- **Work request**:
Please copy out every line of the data word for word.

[Saved entries]

(* Let $e,n\geq 1$. A basis of $H^\bullet(\Gamma(e,e,n);\mathbb{Q})$ is naturally indexed by the orbits, under the action of $W=G(e,e,n)$, of the set of invariant $e$-multigraphs on $n$ vertices: for each such orbit with representative $\Delta$, the class $\sum_{w\in W}w(\omega_\Delta)$ is nonzero, and these classes form a basis, the class of $\Delta$ having degree equal to the number of edges of $\Delta$.
   Context: For a finite complex reflection group $W$ with hyperplane set $\mathcal A$, $P=\pi_1(\mathbb{C}^\ell\setminus\bigcup\mathcal A)$, $B=\pi_1((\mathbb{C}^\ell\setminus\bigcup\mathcal A)/W)$, $\Gamma=B/[P,P]$; then $H^\bullet(\Gamma;\mathbb{Q})\cong\Lambda^\bullet(\mathbb{Q}\mathcal A)^W$, where $H^1$ of $P^{ab}\cong\mathbb{Z}\mathcal A$ has basis the forms $d\log$ of the hyperplanes' linear forms and $W$ acts by permuting them. $G(e,e,n)$ is the group of $n\times n$ monomial matrices with nonzero entries in $\mu_e$ (the $e$-th roots of unity) whose product is $1$; $\Gamma(e,e,n)$ is $\Gamma$ for this group; its hyperplanes are $z_i=\zeta z_j$, $i<j$, $\zeta\in\mu_e$. $K_n(e)$ is the complete $e$-multigraph on $\{1,\dots,n\}$ with $e$ edges between each pair $i<j$, labelled by $\zeta\in\mu_e$; an $e$-multigraph on $n$ vertices is a subgraph (subset of edges) of $K_n(e)$. The edge $(i,j,\zeta)$ corresponds to the 1-form $\omega^{\zeta}_{i,j}=d\log(z_i-\zeta z_j)$, and a multigraph $\Delta$ to the wedge product $\omega_\Delta$ of its edges' forms ordered lexicographically in $(i,j,\zeta)$ (for a fixed order of $\mu_e$). $W$ acts on multigraphs through its action on hyperplanes. $\mathrm{Stab}_W(\Delta)$ is the subgroup of $W$ preserving $\Delta$; $\Delta$ is invariant if every element of $\mathrm{Stab}_W(\Delta)$ induces an even permutation of the edges of $\Delta$. *)

theory Defs
  imports Complex_Main "HOL-Library.Product_Lexorder" "HOL-Combinatorics.Permutations"
begin

text \<open>
  Vertices are 0,...,n-1.  A root of unity zeta = exp(2 pi i k / e) is encoded by its
  exponent k < e; mu_e is ordered by this exponent.  The edge (i,j,k) with i < j < n, k < e
  stands for the hyperplane z_i = zeta^k z_j, i.e. the 1-form d log(z_i - zeta^k z_j).
  Edges (type nat * nat * nat) are ordered lexicographically (Product_Lexorder).
\<close>

type_synonym edge = "nat \<times> nat \<times> nat"

definition hyp :: "nat \<Rightarrow> nat \<Rightarrow> edge set" where
  "hyp e n = {(i, j, k). i < j \<and> j < n \<and> k < e}"

text \<open>The group G(e,e,n): a pair (sigma, c) stands for the monomial matrix w with
  w e_i = zeta^(c i) e_(sigma i); the condition on the sum of the c i is that
  the product of the nonzero entries is 1.\<close>
definition Geen :: "nat \<Rightarrow> nat \<Rightarrow> ((nat \<Rightarrow> nat) \<times> (nat \<Rightarrow> nat)) set" where
  "Geen e n = {(\<sigma>, c). \<sigma> permutes {..<n} \<and> (\<forall>i. n \<le> i \<longrightarrow> c i = 0)
                 \<and> (\<forall>i<n. c i < e) \<and> (\<Sum>i<n. c i) mod e = 0}"

text \<open>Action of w on hyperplanes: w maps the hyperplane z_i = zeta^k z_j to
  y_(sigma i) = zeta^(k + c i - c j) y_(sigma j).\<close>
fun edge_map :: "nat \<Rightarrow> (nat \<Rightarrow> nat) \<times> (nat \<Rightarrow> nat) \<Rightarrow> edge \<Rightarrow> edge" where
  "edge_map e (\<sigma>, c) (i, j, k) =
     (let m = (k + c i + (e - c j)) mod e in
      if \<sigma> i < \<sigma> j then (\<sigma> i, \<sigma> j, m) else (\<sigma> j, \<sigma> i, (e - m) mod e))"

- **Answer space**:
(* Let $e,n\geq 1$. A basis of $H^\bullet(\Gamma(e,e,n);\mathbb{Q})$ is naturally indexed by the orbits, under the action of $W=G(e,e,n)$, of the set of invariant $e$-multigraphs on $n$ vertices: for each such orbit with representative $\Delta$, the class $\sum_{w\in W}w(\omega_\Delta)$ is nonzero, and these classes form a basis, the class of $\Delta$ having degree equal to the number of edges of $\Delta$.
   Context: For a finite complex reflection group $W$ with hyperplane set $\mathcal A$, $P=\pi_1(\mathbb{C}^\ell\setminus\bigcup\mathcal A)$, $B=\pi_1((\mathbb{C}^\ell\setminus\bigcup\mathcal A)/W)$, $\Gamma=B/[P,P]$; then $H^\bullet(\Gamma;\mathbb{Q})\cong\Lambda^\bullet(\mathbb{Q}\mathcal A)^W$, where $H^1$ of $P^{ab}\cong\mathbb{Z}\mathcal A$ has basis the forms $d\log$ of the hyperplanes' linear forms and $W$ acts by permuting them. $G(e,e,n)$ is the group of $n\times n$ monomial matrices with nonzero entries in $\mu_e$ (the $e$-th roots of unity) whose product is $1$; $\Gamma(e,e,n)$ is $\Gamma$ for this group; its hyperplanes are $z_i=\zeta z_j$, $i<j$, $\zeta\in\mu_e$. $K_n(e)$ is the complete $e$-multigraph on $\{1,\dots,n\}$ with $e$ edges between each pair $i<j$, labelled by $\zeta\in\mu_e$; an $e$-multigraph on $n$ vertices is a subgraph (subset of edges) of $K_n(e)$. The edge $(i,j,\zeta)$ corresponds to the 1-form $\omega^{\zeta}_{i,j}=d\log(z_i-\zeta z_j)$, and a multigraph $\Delta$ to the wedge product $\omega_\Delta$ of its edges' forms ordered lexicographically in $(i,j,\zeta)$ (for a fixed order of $\mu_e$). $W$ acts on multigraphs through its action on hyperplanes. $\mathrm{Stab}_W(\Delta)$ is the subgroup of $W$ preserving $\Delta$; $\Delta$ is invariant if every element of $\mathrm{Stab}_W(\Delta)$ induces an even permutation of the edges of $\Delta$. *)

theory Defs
  imports Complex_Main "HOL-Library.Product_Lexorder" "HOL-Combinatorics.Permutations"
begin

text \<open>
  Vertices are 0,...,n-1.  A root of unity zeta = exp(2 pi i k / e) is encoded by its
  exponent k < e; mu_e is ordered by this exponent.  The edge (i,j,k) with i < j < n, k < e
  stands for the hyperplane z_i = zeta^k z_j, i.e. the 1-form d log(z_i - zeta^k z_j).
  Edges (type nat * nat * nat) are ordered lexicographically (Product_Lexorder).
\<close>

type_synonym edge = "nat \<times> nat \<times> nat"

definition hyp :: "nat \<Rightarrow> nat \<Rightarrow> edge set" where
  "hyp e n = {(i, j, k). i < j \<and> j < n \<and> k < e}"

text \<open>The group G(e,e,n): a pair (sigma, c) stands for the monomial matrix w with
  w e_i = zeta^(c i) e_(sigma i); the condition on the sum of the c i is that
  the product of the nonzero entries is 1.\<close>
definition Geen :: "nat \<Rightarrow> nat \<Rightarrow> ((nat \<Rightarrow> nat) \<times> (nat \<Rightarrow> nat)) set" where
  "Geen e n = {(\<sigma>, c). \<sigma> permutes {..<n} \<and> (\<forall>i. n \<le> i \<longrightarrow> c i = 0)
                 \<and> (\<forall>i<n. c i < e) \<and> (\<Sum>i<n. c i) mod e = 0}"

text \<open>Action of w on hyperplanes: w maps the hyperplane z_i = zeta^k z_j to
  y_(sigma i) = zeta^(k + c i - c j) y_(sigma j).\<close>
fun edge_map :: "nat \<Rightarrow> (nat \<Rightarrow> nat) \<times> (nat \<Rightarrow> nat) \<Rightarrow> edge \<Rightarrow> edge" where
  "edge_map e (\<sigma>, c) (i, j, k) =
     (let m = (k + c i + (e - c j)) mod e in
      if \<sigma> i < \<sigma> j then (\<sigma> i, \<sigma> j, m) else (\<sigma> j, \<sigma> i, (e - m) mod e))"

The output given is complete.